(Beginning of SUPPLIED MATERIAL)
(* Let $L_B$ be the weighted Laplacian of a connected undirected graph on $N$ nodes with positive edge weights, with eigenvalues $0=\lambda_1^B<\lambda_2^B\le\cdots\le\lambda_N^B$. Let $k_P,\tau_P,k_Q,\tau_Q>0$, $\bar b\ge 0$, $c_Q=1+2k_Q\bar b$, and $\alpha>0$. Consider the linear time-invariant system $H$ with state $\psi=(\delta,\omega,V)\in\mathbb{R}^{3N}$, input $\mathrm{w}\in\mathbb{R}^{2N}$ and output $y\in\mathbb{R}^{2N}$: $$\dot\psi=\begin{bmatrix}0 & I & 0\\ -\frac{k_P}{\tau_P}L_B & -\frac{1}{\tau_P}I & 0\\ 0 & 0 & -\frac{c_Q}{\tau_Q}I-\frac{k_Q}{\tau_Q}L_B\end{bmatrix}\psi+\begin{bmatrix}0&0\\ \frac{1}{\tau_P}I & 0\\ 0 & \frac{1}{\tau_Q}I\end{bmatrix}\mathrm{w},\qquad y=\begin{bmatrix}\sqrt{\alpha}L_B^{1/2} & 0 & 0\\ 0&0&\sqrt{\alpha}L_B^{1/2}\end{bmatrix}\psi .$$ Then the squared $\mathcal{H}_2$ norm of $H$ is $$\|H\|_2^2=\frac{\alpha}{2k_P}(N-1)+\frac{\alpha}{2\tau_Q}\sum_{n=2}^N\frac{1}{\frac{c_Q}{\lambda_n^B}+k_Q}.$$
   Context: $I$ is the $N\times N$ identity and $L_B^{1/2}$ is the unique positive semidefinite square root of $L_B$. The system matrix has a single zero eigenvalue (mode $\delta\propto\mathbf{1}$), which is unobservable from $y$; all other modes are stable, so the $\mathcal{H}_2$ norm of the transfer function $C(sI-A)^{-1}B$ is finite; $\|H\|_2^2$ equals the steady-state output variance $\lim_{t\to\infty}\mathbb{E}[y^*(t)y(t)]$ under unit-covariance white noise input. Interpretation: $y^*y=\delta^TL_G\delta+V^TL_GV$ with $L_G=\alpha L_B$ the conductance Laplacian (uniform resistance-to-reactance ratio $\alpha$), approximating instantaneous transient power losses. *)

theory Defs
  imports "HOL-Analysis.Analysis" "HOL-Library.Numeral_Type"
begin
(* Let $\psi\in\mathscr D(\mathscr L)$ be real-valued, non-negative and non-decreasing on $(0,\infty)$. Let $s_0>0$ be real and let $s\in\mathbb C$ with $0<\operatorname{Re}(s)<s_0$. Then for every $t>0$, $$\left|\mathscr L\!\left(\psi(u)\frac{u^{s-1}}{\Gamma(s)}\right)(t)\right|\le C_{s,s_0}\,t^{\operatorname{Re}(s_0-s)}\,\mathscr L\!\left(\psi(u)\frac{u^{s_0-1}}{\Gamma(s_0)}\right)(t).$$
   Context: $\mathscr D(\mathscr L)$ is the space of measurable functions $\varphi:(0,\infty)\to\mathbb C$ that are integrable on every interval $(0,R)$, $R>0$, and for which $\int_0^\infty e^{-su}|\varphi(u)|\,du<\infty$ for every $s\in\mathbb C$ with $\operatorname{Re}(s)>0$. For such $\varphi$, $\mathscr L(\varphi)(t)=\int_0^\infty e^{-tu}\varphi(u)\,du$ for $t>0$. For real $s_0>0$ and $0<\operatorname{Re}(s)<s_0$ the constant $C_{s,s_0}$ is $$C_{s,s_0}=\frac{\sinh(\pi\operatorname{Im}(s))}{\pi\operatorname{Im}(s)}\sqrt{\Big(1+\frac{\operatorname{Im}(s)^2}{\operatorname{Re}(s)^2}\Big)\Big(1+\frac{\operatorname{Im}(s)^2}{\operatorname{Re}(s_0-s)^2}\Big)},$$ where the factor $\sinh(\pi y)/(\pi y)$ is interpreted as $1$ when $y=0$. *)

theory Defs
  imports "HOL-Analysis.Analysis"
begin

definition laplace_domain :: "(real \<Rightarrow> complex) \<Rightarrow> bool" where
  "laplace_domain \<phi> \<longleftrightarrow>
     set_borel_measurable lborel {0<..} \<phi> \<and>
     (\<forall>R>0. set_integrable lborel {0<..<R} \<phi>) \<and>
     (\<forall>s::complex. Re s > 0 \<longrightarrow>
        set_integrable lborel {0<..} (\<lambda>u. exp (- (s * complex_of_real u)) * \<phi> u))"

definition laplace :: "(real \<Rightarrow> 'a::{banach,second_countable_topology}) \<Rightarrow> real \<Rightarrow> 'a" where
  "laplace \<phi> t = (LINT u:{0<..}|lborel. exp (- (t * u)) *\<^sub>R \<phi> u)"

definition sinhc :: "real \<Rightarrow> real" where
  "sinhc y = (if y = 0 then 1 else sinh (pi * y) / (pi * y))"

definition C_const :: "complex \<Rightarrow> real \<Rightarrow> real" where
  "C_const s s0 = sinhc (Im s) *
     sqrt ((1 + (Im s)\<^sup>2 / (Re s)\<^sup>2) * (1 + (Im s)\<^sup>2 / (Re (complex_of_real s0 - s))\<^sup>2))"

end

theory Submission
  imports Defs
begin

text \<open>Write \<open>s = a + i b\<close>. Since \<open>|u\<^sup>s\<^sup>-\<^sup>1| = u\<^sup>a\<^sup>-\<^sup>1\<close>, the left-hand side is at most
  \<open>\<L>(\<psi> u\<^sup>a\<^sup>-\<^sup>1)(t) / |\<Gamma>(s)|\<close>, which reduces the estimate to two real ones.
  First, by Gauss' product for \<open>\<Gamma>\<close>, \<open>|\<Gamma>(a)/\<Gamma>(s)|\<^sup>2 = \<Prod>\<^sub>k\<^sub>\<ge>\<^sub>0 (1 + b\<^sup>2/(a+k)\<^sup>2)\<close>, and
  dropping \<open>a\<close> from the factors with \<open>k \<ge> 1\<close> bounds this by
  \<open>(1 + b\<^sup>2/a\<^sup>2) \<Prod>\<^sub>k\<^sub>\<ge>\<^sub>1 (1 + b\<^sup>2/k\<^sup>2) = (1 + b\<^sup>2/a\<^sup>2) sinh(\<pi> b)/(\<pi> b)\<close>
  (Euler's product for the sine at \<open>i b\<close>); as \<open>sinh(\<pi> b)/(\<pi> b) \<ge> 1\<close>, this gives
  \<open>\<Gamma>(a)/|\<Gamma>(s)| \<le> C\<^sub>s\<^sub>,\<^sub>s\<^sub>0\<close>. Second, for real \<open>0 < a < \<sigma>\<close> and nondecreasing
  \<open>\<psi> \<ge> 0\<close>, \<open>\<L>(\<psi> u\<^sup>a\<^sup>-\<^sup>1)(t) \<le> t\<^sup>\<sigma>\<^sup>-\<^sup>a \<Gamma>(a)/\<Gamma>(\<sigma>) \<L>(\<psi> u\<^sup>\<sigma>\<^sup>-\<^sup>1)(t)\<close>: the constant
  equalises the transforms of the two kernels, whose difference changes sign once.\<close>

lemma norm_Gamma_series_ratio_sq:
  fixes s :: complex and n :: nat
  assumes "Re s > 0"
  shows "(norm (Gamma_series (of_real (Re s)) n / Gamma_series s n))\<^sup>2
       = (\<Prod>k=0..n. 1 + (Im s)\<^sup>2 / (Re s + real k)\<^sup>2)"
proof -
  define a where "a = complex_of_real (Re s)"
  have norm_add: "norm (z + of_nat k) = sqrt ((Re z + real k)\<^sup>2 + (Im z)\<^sup>2)" for z :: complex and k
    by (simp add: cmod_def)
  have pochhammer_prod: "pochhammer z (n+1) = (\<Prod>k=0..n. z + of_nat k)" for z :: complex
    by (simp add: pochhammer_Suc_prod)
  have nonzero: "z + of_nat k \<noteq> 0" if "Re z > 0" for z :: complex and k
    using that by (auto simp: complex_eq_iff)
  have "norm (exp ((a - s) * of_real (ln (of_nat n)))) = 1"
    by (simp add: a_def norm_exp_eq_Re)
  moreover have "Gamma_series a n / Gamma_series s n
      = exp ((a - s) * of_real (ln (of_nat n))) * pochhammer s (n+1) / pochhammer a (n+1)"
    unfolding Gamma_series_def using nonzero[of a] nonzero[of s] assms
    by (simp add: a_def pochhammer_prod prod_zero_iff field_simps exp_diff left_diff_distrib)
  ultimately have "norm (Gamma_series a n / Gamma_series s n)
      = (\<Prod>k=0..n. norm (s + of_nat k)) / (\<Prod>k=0..n. norm (a + of_nat k))"
    by (simp only: norm_mult norm_divide pochhammer_prod prod_norm mult_1)
  also have "(\<Prod>k=0..n. norm (a + of_nat k)) = (\<Prod>k=0..n. Re s + real k)"
    using assms by (intro prod.cong refl) (simp add: norm_add a_def)
  also have "(\<Prod>k=0..n. norm (s + of_nat k)) / \<dots> = (\<Prod>k=0..n. norm (s + of_nat k) / (Re s + real k))"
    by (simp add: prod_dividef)
  also have "\<dots>\<^sup>2 = (\<Prod>k=0..n. 1 + (Im s)\<^sup>2 / (Re s + real k)\<^sup>2)"
    unfolding prod_power_distrib
    using assms by (intro prod.cong refl) (simp add: norm_add power_divide field_simps)
  finally show ?thesis by (simp add: a_def)
qed
lemma Flim_diff_across_pieces:
  assumes lam: "1/6 \<le> lam" "lam < 5/6"
    and P: "P \<in> set (pieces lam n)" "in_piece P x" "in_piece P z"
    and Q: "Q \<in> set (pieces lam n)" "comparable K P Q" "in_piece Q z" "in_piece Q y"
  shows "\<bar>Flim lam x - Flim lam y\<bar>
    \<le> (1 + 2 * deviation_factor lam) * (1 + 2 * K) * (piece_len P * (\<bar>piece_slope P\<bar> + 1))"
proof -
  define D where "D = deviation_factor lam"
  define W where "W = piece_len P * (\<bar>piece_slope P\<bar> + 1)"
  have D: "0 \<le> 1 + 2 * D" using deviation_factor_nonneg[OF lam] by (simp add: D_def)
  have "piece_len Q * (\<bar>piece_slope Q\<bar> + 1) \<le> (2 * piece_len P) * (K * (\<bar>piece_slope P\<bar> + 1))"
    using Q(2) pieces_in_unit(3)[OF Q(1)] by (intro mult_mono) (auto simp: comparable_def)
  then have "(1 + 2 * D) * (piece_len Q * (\<bar>piece_slope Q\<bar> + 1)) \<le> (1 + 2 * D) * (2 * K * W)"
    using D by (intro mult_left_mono) (auto simp: W_def algebra_simps)
  then have "\<bar>Flim lam z - Flim lam y\<bar> \<le> (1 + 2 * D) * (2 * K * W)"
    using Flim_diff_within_piece[OF lam Q(1,3,4)] by (simp add: D_def)
  moreover have "\<bar>Flim lam x - Flim lam z\<bar> \<le> (1 + 2 * D) * W"
    using Flim_diff_within_piece[OF lam P] by (simp add: D_def W_def)
  moreover have "(1 + 2 * D) * (1 + 2 * K) * W = (1 + 2 * D) * W + (1 + 2 * D) * (2 * K * W)"
    by (simp add: algebra_simps)
  ultimately show ?thesis unfolding D_def[symmetric] W_def[symmetric] by linarith
qed

lemma Flim_diff_near_piece:
  assumes lam: "1/6 < lam" "lam < 5/6"
    and P: "P \<in> set (pieces lam n)" "in_piece P x"
    and y: "0 \<le> y" "y \<le> 1" "\<bar>x - y\<bar> \<le> piece_len P / 2"
  shows "\<bar>Flim lam x - Flim lam y\<bar>
    \<le> (1 + 2 * deviation_factor lam) * (1 + 2 * slope_ratio lam) * (piece_len P * (\<bar>piece_slope P\<bar> + 1))"
proof -
  define K where "K = slope_ratio lam"
  have lam': "1/6 \<le> lam" using lam(1) by simp
  have len: "0 < piece_len P" using P(1) by (rule pieces_in_unit)
  consider "in_piece P y" | "piece_right P < y" | "y < piece_left P" unfolding in_piece_def by linarith
  then show ?thesis
  proof cases
    case 1
    have "comparable K P P"
      using slope_ratio_ge_one[OF lam(1)] len mult_right_mono[of 1 K "\<bar>piece_slope P\<bar> + 1"]
      by (simp add: comparable_def K_def)
    with Flim_diff_across_pieces[OF lam' lam(2) P 1 P(1)] 1 show ?thesis by (simp add: K_def)
  next
    case 2
    obtain Q where Q: "Q \<in> set (pieces lam n)" "piece_left Q = piece_right P"
      using pieces_right_neighbour[OF P(1)] 2 y(2) by auto
    have PQ: "comparable K P Q" using adjacent_pieces_comparable[OF lam(1) P(1) Q(1) Q(2)[symmetric]]
      by (simp add: K_def)
    have "in_piece Q y"
      using PQ Q(2) P(2) 2 y(3) by (auto simp: comparable_def in_piece_def piece_right_eq[of Q])
    moreover have "in_piece P (piece_right P)" "in_piece Q (piece_right P)"
      using len pieces_in_unit(3)[OF Q(1)] Q(2) by (auto simp: in_piece_def piece_len_def)
    ultimately show ?thesis using Flim_diff_across_pieces[OF lam' lam(2) P _ Q(1) PQ] by (simp add: K_def)
  next
    case 3
    obtain Q where Q: "Q \<in> set (pieces lam n)" "piece_right Q = piece_left P"
      using pieces_left_neighbour[OF P(1)] 3 y(1) by auto
    have PQ: "comparable K P Q" using adjacent_pieces_comparable[OF lam(1) Q(1) P(1) Q(2)]
      by (simp add: K_def comparable_sym)
    have "in_piece Q y"
      using PQ Q(2) P(2) 3 y(3) by (auto simp: comparable_def in_piece_def piece_right_eq[of Q])
    moreover have "in_piece P (piece_left P)" "in_piece Q (piece_left P)"
      using len pieces_in_unit(3)[OF Q(1)] Q(2) by (auto simp: in_piece_def piece_len_def)
    ultimately show ?thesis using Flim_diff_across_pieces[OF lam' lam(2) P _ Q(1) PQ] by (simp add: K_def)
  qed
qed
(* Let $0<c\le1<F$ be constants. There is a constant $K_4>0$ (depending only on $c,F$) such that for every sufficiently small $\varepsilon>0$ there exists $s_1>0$ such that for all $s\ge s_1$ there is a constant $\delta>0$ with the following property for all sufficiently large $n$: at every time $t$ with $\varepsilon n/2\le Z^t\le\varepsilon n$, $$\mathbb E[G_4^{t+1}-G_4^t\mid x^t,\lambda^t]\ge\delta,$$ where $G_4^t=Z^t-K_4(\log_F\lambda^t+1)^2$.
   Context: Consider the SA-$(1,\lambda)$-EA on a dynamic monotone function: a function $f:\{0,1\}^n\to\mathbb R$ is monotone if $f(x)>f(y)$ whenever $x\ne y$ and $x_i\ge y_i$ for all $i$; $(f^t)_{t\ge0}$ is a sequence of monotone functions, $f^t$ possibly chosen adversarially depending on $x^t$. The algorithm (with constants $c>0$, $s>0$, $F>1$) maintains $x^t\in\{0,1\}^n$, real $\lambda^t\ge1$; in generation $t$ it creates $\lfloor\lambda^t\rceil$ (nearest integer) offspring, each independently by flipping every bit of $x^t$ independently with probability $c/n$; $x^{t+1}$ is an offspring maximizing $f^t$ (ties uniformly at random); $\lambda^{t+1}=\max\{1,\lambda^t/F\}$ if $f^t(x^{t+1})>f^t(x^t)$, else $\lambda^{t+1}=F^{1/s}\lambda^t$. $Z^t$ is the number of zero-bits of $x^t$. *)

theory Defs
  imports "HOL-Probability.Probability"
begin

text \<open>Bit strings of length n are bool lists (True = one-bit, False = zero-bit).\<close>

definition bitstrings :: "nat \<Rightarrow> bool list set" where
  "bitstrings n = {x. length x = n}"

definition monotone_fun :: "nat \<Rightarrow> (bool list \<Rightarrow> real) \<Rightarrow> bool" where
  "monotone_fun n f \<longleftrightarrow>
     (\<forall>x\<in>bitstrings n. \<forall>y\<in>bitstrings n.
        x \<noteq> y \<and> (\<forall>i<n. y ! i \<longrightarrow> x ! i) \<longrightarrow> f x > f y)"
(End of SUPPLIED MATERIAL)
Each line in the data that holds the word "assms" must be copied.

▶ WRITTEN SOLUTION
    unfolding Gamma_series_def using nonzero[of a] nonzero[of s] assms
    using assms by (intro prod.cong refl) (simp add: norm_add a_def)
    using assms by (intro prod.cong refl) (simp add: norm_add power_divide field_simps)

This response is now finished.